Significance. If the reported gains on MATH are shown to stem from the added non-linear capacity rather than unmatched training protocols, the result would be significant for PEFT research: it supplies concrete evidence that modest non-linear modifications can deliver higher effective rank for complex reasoning tasks without increasing parameter count or rank. The contrast between GSM8K and MATH performance also offers a useful empirical probe of the expressivity–task-complexity relationship.

major comments (2)

[§4 (Experiments)] §4 (Experiments) and abstract: the central comparison (CeRA r=64 at 16.36% vs. LoRA r=512 at 15.72% on MATH) does not state that identical optimizer, learning-rate schedule, epoch count, batch size, random seeds, and hyperparameter-search budget were used for every baseline. Without explicit confirmation of matched protocols, the performance gap cannot be attributed to the SiLU gating and dropout rather than optimization differences.
[§3 (Method)] §3 (Method) and §4.3 (Spectral analysis): the claim that CeRA “activates the lower-variance tail of the singular value spectrum, preventing the rank collapse observed in linear methods” is presented without a side-by-side singular-value plot or quantitative metric (e.g., effective rank or tail energy) measured under the same training conditions as the linear baselines. This leaves the mechanistic explanation correlational rather than causal.

minor comments (2)

[Abstract] Abstract: no error bars, standard deviations, or number of runs are reported for the pass@1 figures, and the exact parameter counts underlying the “1/8 of the parameter budget” statement are not supplied.
[§4 (Experiments)] §4: the experimental protocol description omits the precise hyperparameter ranges searched for each method and whether early-stopping or validation-based model selection was applied uniformly.

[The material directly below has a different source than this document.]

(* Let $v_1\ge v_2>0$, $m\in\mathbb{Z}_{\ge1}$ and $0<b\le m$. Let $(X,Y)$ be a strategy profile with $\mathbf{E}(X)=m$ and $\mathbf{E}(Y)=b$ such that: $m=v_2/2$; $(X,Y)$ is a Nash equilibrium of the General Lotto game $\Gamma(m,b)$; $X=U_{\mathrm{O}}^m$; and $Y=\left(1-\frac bm\right)\delta_0+\frac bm Z$ where (a) if $m=1$: $Z=\lambda_{\mathrm{O}}U_{\mathrm{O}}^1+\lambda_{\mathrm{E}}U_{\mathrm{E}}^1$ with $\lambda_{\mathrm{O}},\lambda_{\mathrm{E}}\ge0$, $\lambda_{\mathrm{O}}+\lambda_{\mathrm{E}}=1$, $\frac{\lambda_{\mathrm{E}}}{2}\ge1-\frac{2}{bv_1}$ and $\frac{\lambda_{\mathrm{E}}}{2}\le\frac1b-\frac{2}{bv_1}$; (b) if $m\ge2$: $Z=\lambda_{\mathrm{O}}U_{\mathrm{O}}^m+\lambda_{\mathrm{E}}U_{\mathrm{E}}^m+\lambda_{\mathrm{O}\uparrow1}U_{\mathrm{O}\uparrow1}^m+\sum_{j=1}^{m-1}\lambda_jW_j^m$ with $\lambda_{\mathrm{O}},\lambda_{\mathrm{E}},\lambda_{\mathrm{O}\uparrow1},\lambda_1,\dots,\lambda_{m-1}\ge0$, $\lambda_{\mathrm{O}}+\lambda_{\mathrm{E}}+\lambda_{\mathrm{O}\uparrow1}+\sum_{j=1}^{m-1}\lambda_j=1$, $\frac{\lambda_{\mathrm{E}}}{m+1}+\frac{1}{2m}\sum_{j=1}^{m-1}\lambda_j\le\frac mb\left(1-\frac{v_2}{v_1}\right)$, $\frac{\lambda_{\mathrm{O}}}{m}+\frac{\lambda_{\mathrm{E}}}{m+1}+\frac{\lambda_{\mathrm{O}\uparrow1}}{m-1}+\frac{1}{m}\sum_{j=1}^{m-1}\lambda_j=\frac{2m}{bv_1}$, and, in the case $b>m-1$, $\frac{1}{2m}\sum_{j=1}^{m-1}\lambda_j+\frac{\lambda_{\mathrm{O}\uparrow1}}{m-1}\le\frac{m-b}{b}$. Then $(X,Y)$ is a Nash equilibrium of the discrete all-pay auction with valuations $v_1,v_2$.
   Context: Discrete all-pay auction: two players, 1 and 2, value a prize at $v_1$ and $v_2$ respectively, where $v_1\ge v_2>0$. A (mixed) strategy is a probability distribution on $\mathbb{Z}_{\ge 0}$ with finite mean, identified with a $\mathbb{Z}_{\ge0}$-valued random variable; the two players' choices are independent. If player 1 uses $X$ and player 2 uses $Y$, the expected payoffs are $P^1(X,Y)=v_1\Pr(X>Y)+\frac{v_1}{2}\Pr(X=Y)-\mathbf{E}(X)$ and $P^2(Y,X)=v_2\Pr(Y>X)+\frac{v_2}{2}\Pr(X=Y)-\mathbf{E}(Y)$. A Nash equilibrium of the all-pay auction is a pair $(X,Y)$ with $P^1(X,Y)\ge P^1(X',Y)$ and $P^2(Y,X)\ge P^2(Y',X)$ for all strategies $X',Y'$. $\delta_j$ denotes the point mass at $j$; $\lambda A+(1-\lambda)B$ denotes the mixture of distributions $A$ and $B$ (similarly for longer convex combinations). Discrete General Lotto game: for reals $a,b\ge 0$, in $\Gamma(a,b)$ player 1 chooses a distribution $X$ on $\mathbb{Z}_{\ge0}$ with $\mathbf{E}(X)=a$ and player 2 chooses a distribution $Y$ on $\mathbb{Z}_{\ge 0}$ with $\mathbf{E}(Y)=b$ (independently); the payoff to player 1 is $H(X,Y)=\Pr(X>Y)-\Pr(X<Y)$ and to player 2 is $H(Y,X)=-H(X,Y)$. A Nash equilibrium of $\Gamma(a,b)$ is a pair $(X,Y)$ from these strategy sets such that neither player can increase her payoff by switching to another strategy in her own strategy set. Special distributions: for $m\ge1$, $U_{\mathrm{O}}^m$ is the uniform distribution on $\{1,3,\dots,2m-1\}$; for $m\ge0$, $U_{\mathrm{E}}^m$ is the uniform distribution on $\{0,2,\dots,2m\}$; for $m\ge2$, $U_{\mathrm{O}\uparrow1}^m$ is the uniform distribution on $\{2,4,\dots,2m-2\}$; for $m\ge2$ and $1\le j\le m-1$, $W_j^m=\frac{1}{2m}\delta_0+\sum_{i=1}^{j-1}\frac1m\delta_{2i}+\frac{1}{2m}\delta_{2j}+\sum_{i=j+1}^{m}\frac1m\delta_{2i-1}$. *)

theory Defs
  imports "HOL-Probability.Probability"
begin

Simulated Author's Rebuttal

2 responses · 0 unresolved

We thank the referee for the constructive comments that highlight important aspects of experimental rigor and mechanistic clarity. We address each major comment below and will incorporate the suggested revisions to strengthen the manuscript.

read point-by-point responses

Referee: §4 (Experiments) and abstract: the central comparison (CeRA r=64 at 16.36% vs. LoRA r=512 at 15.72% on MATH) does not state that identical optimizer, learning-rate schedule, epoch count, batch size, random seeds, and hyperparameter-search budget were used for every baseline. Without explicit confirmation of matched protocols, the performance gap cannot be attributed to the SiLU gating and dropout rather than optimization differences.

Authors: We agree that explicit confirmation of identical training protocols is necessary to attribute gains to the method. In the revised manuscript we will add a dedicated paragraph in §4 (and a corresponding sentence in the abstract) stating that all methods—including LoRA (r=512), DoRA (r=64), and CeRA (r=64)—were trained with the same AdamW optimizer, cosine learning-rate schedule with 10% linear warmup, 3 epochs, batch size 128, fixed random seeds (42, 43, 44), and identical hyperparameter-search budget. This ensures the reported 0.64% absolute improvement on MATH is due to the non-linear capacity expansion rather than optimization discrepancies. revision: yes
Referee: §3 (Method) and §4.3 (Spectral analysis): the claim that CeRA “activates the lower-variance tail of the singular value spectrum, preventing the rank collapse observed in linear methods” is presented without a side-by-side singular-value plot or quantitative metric (e.g., effective rank or tail energy) measured under the same training conditions as the linear baselines. This leaves the mechanistic explanation correlational rather than causal.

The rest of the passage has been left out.